(Beginning of TASK INPUTS)
lemma output_eq_imp_stable:
  assumes "reachable R (init_config X x) C" "C Y = f x"
  shows "stable_config R Y C"
  unfolding stable_config_def
proof (intro allI impI)
  fix D assume "reachable R C D"
  then show "D Y = C Y"
    using assms output_le[OF reachable_trans[OF assms(1)]] output_oblivious_reachable_mono[OF oblivious]
    by (metis le_antisym)
qed

lemma stable_output_eq:
  "reachable R (init_config X x) C \<Longrightarrow> stable_config R Y C \<Longrightarrow> C Y = f x"
  using computes unfolding stably_computes_def stable_config_def by metis

lemma superadditive: "superadditive f"
  unfolding superadditive_def
proof (intro allI)
  fix x y
  obtain Cx Cy where Cx: "reachable R (init_config X x) Cx" "Cx Y = f x"
    and Cy: "reachable R (init_config X y) Cy" "Cy Y = f y"
    using computes reachable_refl unfolding stably_computes_def by metis
  have "reachable R (init_config X x + init_config X y) (Cx + init_config X y)"
    by (rule reachable_add[OF Cx(1)])
  moreover have "reachable R (Cx + init_config X y) (Cx + Cy)"
    using reachable_add[OF Cy(1), of Cx] by (simp add: add.commute)
  ultimately have "reachable R (init_config X (x + y)) (Cx + Cy)"
    unfolding init_config_add by (rule reachable_trans)
  then show "f x + f y \<le> f (x + y)"
    using output_le Cx(2) Cy(2) by fastforce
qed

text \<open>Each choice is possible because the output \<open>f (Suc n)\<close> remains reachable from every
  configuration reachable from the input \<open>Suc n\<close>.\<close>
primrec settled :: "nat \<Rightarrow> config" where
  "settled 0 = 0"
| "settled (Suc n) = (SOME D. reachable R (settled n + init_config X 1) D \<and> D Y = f (Suc n))"

lemma settled_SucI:
  assumes "reachable R (init_config X n) (settled n)"
  shows "reachable R (settled n + init_config X 1) (settled (Suc n)) \<and> settled (Suc n) Y = f (Suc n)"
proof -
  have "init_config X (Suc n) = init_config X n + init_config X 1"
    using init_config_add[of X n 1] by simp
  then have "reachable R (init_config X (Suc n)) (settled n + init_config X 1)"
    using reachable_add[OF assms] by simp
  then have "\<exists>D. reachable R (settled n + init_config X 1) D \<and> D Y = f (Suc n)"
    using computes unfolding stably_computes_def by blast
  then show ?thesis unfolding settled.simps by (rule someI_ex)
qed

lemma settled: "reachable R (init_config X n) (settled n) \<and> settled n Y = f n"
proof (induction n)
  case 0
  show ?case using superadditive_zero[OF superadditive] by (simp add: init_config_0)
next
  case (Suc n)
  have "init_config X (Suc n) = init_config X n + init_config X 1"
    using init_config_add[of X n 1] by simp
  then have "reachable R (init_config X (Suc n)) (settled n + init_config X 1)"
    using reachable_add[OF Suc[THEN conjunct1]] by simp
  with settled_SucI[OF Suc[THEN conjunct1]] show ?case
    using reachable_trans by blast
qed

lemma settled_add_input: "reachable R (settled x + init_config X r) (settled (x + r))"
proof (induction r)
  case 0
  show ?case by (simp add: init_config_0)
next
  case (Suc r)
  have eq: "settled x + init_config X (Suc r) = (settled x + init_config X r) + init_config X 1"
    using init_config_add[of X r 1] by (simp add: add.assoc)
  have "reachable R ((settled x + init_config X r) + init_config X 1)
      (settled (x + r) + init_config X 1)"
    by (rule reachable_add[OF Suc.IH])
  then have "reachable R (settled x + init_config X (Suc r)) (settled (x + r) + init_config X 1)"
    unfolding eq .
  moreover have "reachable R (settled (x + r) + init_config X 1) (settled (Suc (x + r)))"
    using settled_SucI settled by blast
  ultimately have "reachable R (settled x + init_config X (Suc r)) (settled (Suc (x + r)))"
    by (rule reachable_trans)
  then show ?case unfolding add_Suc_right .
qed

lemma settled_stable: "stable_config R Y (settled n)"
  using output_eq_imp_stable settled by blast

lemma settled_support: "s \<notin> S \<Longrightarrow> settled n s = 0"
  using reachable_support[OF valid settled[THEN conjunct1]] input by (auto simp: init_config_def)

lemma settled_pumpable:
  obtains a q e where "settled (a + q) = settled a + e" "0 < q"
    "\<And>k. \<exists>m. \<forall>s. settled a s + k * e s \<le> settled m s"
proof -
  have "finite S" using valid by (simp add: valid_crn_def)
  then obtain a b where "a < b" "settled a \<le> settled b"
    and pump: "\<And>k. \<exists>m. \<forall>s. settled a s + k * (settled b s - settled a s) \<le> settled m s"
    using vector_seq_pumpable[of S settled] settled_support by blast
  moreover have "settled b = settled a + (settled b - settled a)"
    using \<open>settled a \<le> settled b\<close> by (simp add: le_fun_def fun_eq_iff)
  ultimately show thesis
    using that[of a "b - a" "settled b - settled a"] by simp
qed

lemma settled_cycle_lower_bound:
  assumes cycle: "settled (a + q) = settled a + e" and "a \<le> y"
  shows "f y + e Y \<le> f (y + q)"
proof -
  have "init_config X (y + q) = (init_config X a + init_config X q) + init_config X (y - a)"
    using \<open>a \<le> y\<close> by (simp add: add.commute flip: init_config_add)
  moreover have "reachable R (settled a + init_config X q) (settled a + e)"
    using settled_add_input[of a q] cycle by simp
  then have "reachable R ((init_config X a + init_config X q) + init_config X (y - a))
      ((settled a + e) + init_config X (y - a))"
    using settled by (blast intro: reachable_add reachable_trans)
  moreover have "(settled a + e) + init_config X (y - a) = (settled a + init_config X (y - a)) + e"
    by (simp add: ac_simps)
  moreover have "reachable R ((settled a + init_config X (y - a)) + e) (settled y + e)"
    using reachable_add[OF settled_add_input[of a "y - a"]] \<open>a \<le> y\<close> by simp
  ultimately have "reachable R (init_config X (y + q)) (settled y + e)"
    using reachable_trans by metis
  then show ?thesis using output_le settled by fastforce
qed

lemma settled_cycle_pumped:
  assumes cycle: "settled (a + q) = settled a + e"
    and below: "\<forall>s. settled a s + k * e s \<le> settled m s"
  shows "f (a + k * q) = f a + k * e Y"
proof -
  define C where "C = settled a + (\<lambda>s. k * e s)"
  have "reachable R (settled a + init_config X q) (settled a + e)"
    using settled_add_input[of a q] cycle by simp
  then have "reachable R (settled a + init_config X (k * q)) C"
    unfolding C_def init_config_mult by (rule reachable_pump)
  then have reach: "reachable R (init_config X (a + k * q)) C"
    using reachable_add[OF settled[THEN conjunct1]] reachable_trans unfolding init_config_add by blast
  have "stable_config R Y C"
    using stable_config_antimono[OF oblivious settled_stable[of m]] below by (simp add: C_def)
  then show ?thesis
    using stable_output_eq[OF reach] settled by (simp add: C_def)
qed

lemma eventually_periodic_increments:
  obtains N q G where "0 < q" "\<And>x. N \<le> x \<Longrightarrow> f (x + q) = f x + G"
proof -
  obtain a q e where cycle: "settled (a + q) = settled a + e" and "0 < q"
    and pump: "\<And>k. \<exists>m. \<forall>s. settled a s + k * e s \<le> settled m s"
    using settled_pumpable by blast
  have "f (a + k * q) \<le> f a + k * e Y" for k
    using pump[of k] settled_cycle_pumped[OF cycle] by fastforce
  then obtain N where "\<forall>x\<ge>N. f (x + q) = f x + e Y"
    using superadditive_pumping_periodic_increments[OF superadditive \<open>0 < q\<close>]
      settled_cycle_lower_bound[OF cycle] by blast
  with \<open>0 < q\<close> show thesis using that by blast
qed

end

section \<open>A CRN for superadditive functions with periodic increments\<close>

definition copies :: "nat \<Rightarrow> nat \<Rightarrow> config" where
  "copies s k = (\<lambda>t. if t = s then k else 0)"

definition weighted_total :: "nat \<Rightarrow> (nat \<Rightarrow> nat) \<Rightarrow> config \<Rightarrow> nat" where
  "weighted_total M w C = (\<Sum>s\<le>M. w s * C s)"

lemma weighted_total_add: "weighted_total M w (C + E) = weighted_total M w C + weighted_total M w E"
  unfolding weighted_total_def by (simp add: add_mult_distrib2 sum.distrib)

lemma weighted_total_copies: "s \<le> M \<Longrightarrow> weighted_total M w (copies s k) = k * w s"
  unfolding weighted_total_def copies_def by (simp add: if_distrib[of "\<lambda>t. w _ * t"] cong: if_cong)

lemma weighted_total_step:
  assumes "r \<le> C"
  shows "weighted_total M w (C - r + p) + weighted_total M w r = weighted_total M w C + weighted_total M w p"
proof -
  have "w s * (C s - r s + p s) + w s * r s = w s * C s + w s * p s" for s
  proof -
    have "C s - r s + p s + r s = C s + p s" using le_funD[OF assms, of s] by simp
    then show ?thesis by (metis add_mult_distrib2)
  qed
  then show ?thesis
    unfolding weighted_total_def by (simp add: sum.distrib[symmetric])
qed

lemma weighted_total_ge: "s \<le> M \<Longrightarrow> w s * C s \<le> weighted_total M w C"
  unfolding weighted_total_def by (rule member_le_sum) simp_all

locale superadditive_periodic =
  fixes f :: "nat \<Rightarrow> nat" and n0 P D :: nat
  assumes superadditive: "superadditive f" and n0_pos: "0 < n0" and P_pos: "0 < P"
    and periodic: "\<And>x. n0 \<le> x \<Longrightarrow> f (x + P) = f x + D"
begin

lemma periodic_iterate: "n0 \<le> c \<Longrightarrow> f (c + t * P) = f c + t * D"
proof (induction t)
  case (Suc t)
  then show ?case using periodic[of "c + t * P"] by (simp add: algebra_simps)
qed simp

definition M :: nat where "M = n0 + P"

lemma M_ge_2: "2 \<le> M"
  using n0_pos P_pos by (simp add: M_def)

definition reduce :: "nat \<Rightarrow> nat" where
  "reduce z = (if z < n0 then z else n0 + (z - n0) mod P)"

lemma reduce_lt: "reduce z < M"
  using P_pos by (simp add: reduce_def M_def)

lemma reduce_pos: "0 < z \<Longrightarrow> 0 < reduce z"
  using n0_pos by (simp add: reduce_def)

lemma reduce_decompose:
  obtains t where "z = reduce z + t * P" "t = 0 \<or> n0 \<le> reduce z"
proof (cases "z < n0")
  case True
  then show thesis using that[of 0] by (simp add: reduce_def)
next
  case False
  then have "z = reduce z + (z - n0) div P * P" "n0 \<le> reduce z"
    by (simp_all add: reduce_def)
  then show thesis using that by blast
qed

lemma f_reduce:
  assumes "z = reduce z + t * P" "t = 0 \<or> n0 \<le> reduce z"
  shows "f z = f (reduce z) + t * D"
proof -
  have "f (reduce z + t * P) = f (reduce z) + t * D"
    using assms(2) periodic_iterate by auto
  then show ?thesis using assms(1) by simp
qed

text \<open>Species 0 is the input, species 1 the output, and species \<open>c + 1\<close> for \<open>0 < c < M\<close> a block
  standing for \<open>c\<close> input molecules; block sizes of at least \<open>n0\<close> are only kept modulo \<open>P\<close>.\<close>

definition amount :: "nat \<Rightarrow> nat" where
  "amount s = (if s = 0 then 1 else s - 1)"

definition expected :: "nat \<Rightarrow> nat" where
  "expected s = (if 2 \<le> s then f (s - 1) else 0)"

definition blocks :: "nat \<Rightarrow> nat" where
  "blocks s = (if 2 \<le> s then 1 else 0)"

lemma weights_simps [simp]:
  "amount 0 = 1" "expected 0 = 0" "blocks 0 = 0"
  "amount (Suc 0) = 0" "expected (Suc 0) = 0" "blocks (Suc 0) = 0"
  "0 < c \<Longrightarrow> amount (Suc c) = c" "0 < c \<Longrightarrow> expected (Suc c) = f c"
  "0 < c \<Longrightarrow> blocks (Suc c) = 1"
  "amount 2 = 1" "expected 2 = f 1" "blocks 2 = 1"
  by (auto simp: amount_def expected_def blocks_def)

definition input_reaction :: reaction where
  "input_reaction = (copies 0 1, copies 2 1 + copies 1 (f 1))"

definition merge :: "nat \<Rightarrow> nat \<Rightarrow> reaction" where
  "merge c1 c2 = (copies (c1 + 1) 1 + copies (c2 + 1) 1,
     copies (reduce (c1 + c2) + 1) 1 + copies 1 (f (c1 + c2) - f c1 - f c2))"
(End of TASK INPUTS)
■ **PROBLEM DETAILS**
Please give back, exactly as it stands above, the stretch from the line with "with settled_SucI[OF Suc[THEN" through the line with "using init_config_add[of X r", and no line outside it.

■ **WRITTEN RESPONSE**
  with settled_SucI[OF Suc[THEN conjunct1]] show ?case
    using reachable_trans by blast
qed

lemma settled_add_input: "reachable R (settled x + init_config X r) (settled (x + r))"
proof (induction r)
  case 0
  show ?case by (simp add: init_config_0)
next
  case (Suc r)
  have eq: "settled x + init_config X (Suc r) = (settled x + init_config X r) + init_config X 1"
    using init_config_add[of X r 1] by (simp add: add.assoc)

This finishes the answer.